**Exercise details**
The exercise asks you to copy every line below in which "lambda" appears.

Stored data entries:
::::
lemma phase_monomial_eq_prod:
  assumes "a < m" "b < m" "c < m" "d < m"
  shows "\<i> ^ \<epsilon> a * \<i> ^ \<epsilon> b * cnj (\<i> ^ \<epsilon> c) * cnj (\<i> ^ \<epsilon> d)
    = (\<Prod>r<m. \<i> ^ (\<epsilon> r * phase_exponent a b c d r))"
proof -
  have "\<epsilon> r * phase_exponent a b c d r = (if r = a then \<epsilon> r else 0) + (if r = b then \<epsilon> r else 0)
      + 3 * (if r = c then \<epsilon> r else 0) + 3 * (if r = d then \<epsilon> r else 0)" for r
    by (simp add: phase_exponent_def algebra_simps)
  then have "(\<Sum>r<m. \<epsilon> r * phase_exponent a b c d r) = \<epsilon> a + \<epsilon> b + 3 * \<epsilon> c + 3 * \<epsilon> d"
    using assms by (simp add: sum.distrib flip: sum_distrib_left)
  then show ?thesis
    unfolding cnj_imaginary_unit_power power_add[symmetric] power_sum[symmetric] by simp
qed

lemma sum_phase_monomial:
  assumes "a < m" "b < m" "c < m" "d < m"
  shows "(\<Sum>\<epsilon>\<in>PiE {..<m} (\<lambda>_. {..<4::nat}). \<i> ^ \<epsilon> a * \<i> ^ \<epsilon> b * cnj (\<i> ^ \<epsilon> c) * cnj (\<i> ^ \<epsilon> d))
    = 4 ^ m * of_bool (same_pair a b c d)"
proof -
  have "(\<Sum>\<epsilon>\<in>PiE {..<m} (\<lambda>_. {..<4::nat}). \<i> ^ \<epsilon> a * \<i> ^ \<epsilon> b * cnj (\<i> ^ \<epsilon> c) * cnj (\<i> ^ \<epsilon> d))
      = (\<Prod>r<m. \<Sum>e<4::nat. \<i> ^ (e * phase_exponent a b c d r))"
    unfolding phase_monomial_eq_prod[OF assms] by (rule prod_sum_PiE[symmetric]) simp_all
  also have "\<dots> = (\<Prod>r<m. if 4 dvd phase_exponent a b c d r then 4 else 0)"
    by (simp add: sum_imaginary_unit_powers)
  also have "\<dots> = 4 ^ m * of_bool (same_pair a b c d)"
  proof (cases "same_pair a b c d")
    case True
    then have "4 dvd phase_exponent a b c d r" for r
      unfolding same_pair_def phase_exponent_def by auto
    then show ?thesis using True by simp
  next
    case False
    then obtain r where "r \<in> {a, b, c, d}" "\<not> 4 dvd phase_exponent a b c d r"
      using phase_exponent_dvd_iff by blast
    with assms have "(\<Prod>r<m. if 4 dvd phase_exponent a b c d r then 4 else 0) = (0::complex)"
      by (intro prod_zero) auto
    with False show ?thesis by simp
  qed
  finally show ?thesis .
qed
::::
**Finished exercise**
  shows "(\<Sum>\<epsilon>\<in>PiE {..<m} (\<lambda>_. {..<4::nat}). \<i> ^ \<epsilon> a * \<i> ^ \<epsilon> b * cnj (\<i> ^ \<epsilon> c) * cnj (\<i> ^ \<epsilon> d))
  have "(\<Sum>\<epsilon>\<in>PiE {..<m} (\<lambda>_. {..<4::nat}). \<i> ^ \<epsilon> a * \<i> ^ \<epsilon> b * cnj (\<i> ^ \<epsilon> c) * cnj (\<i> ^ \<epsilon> d))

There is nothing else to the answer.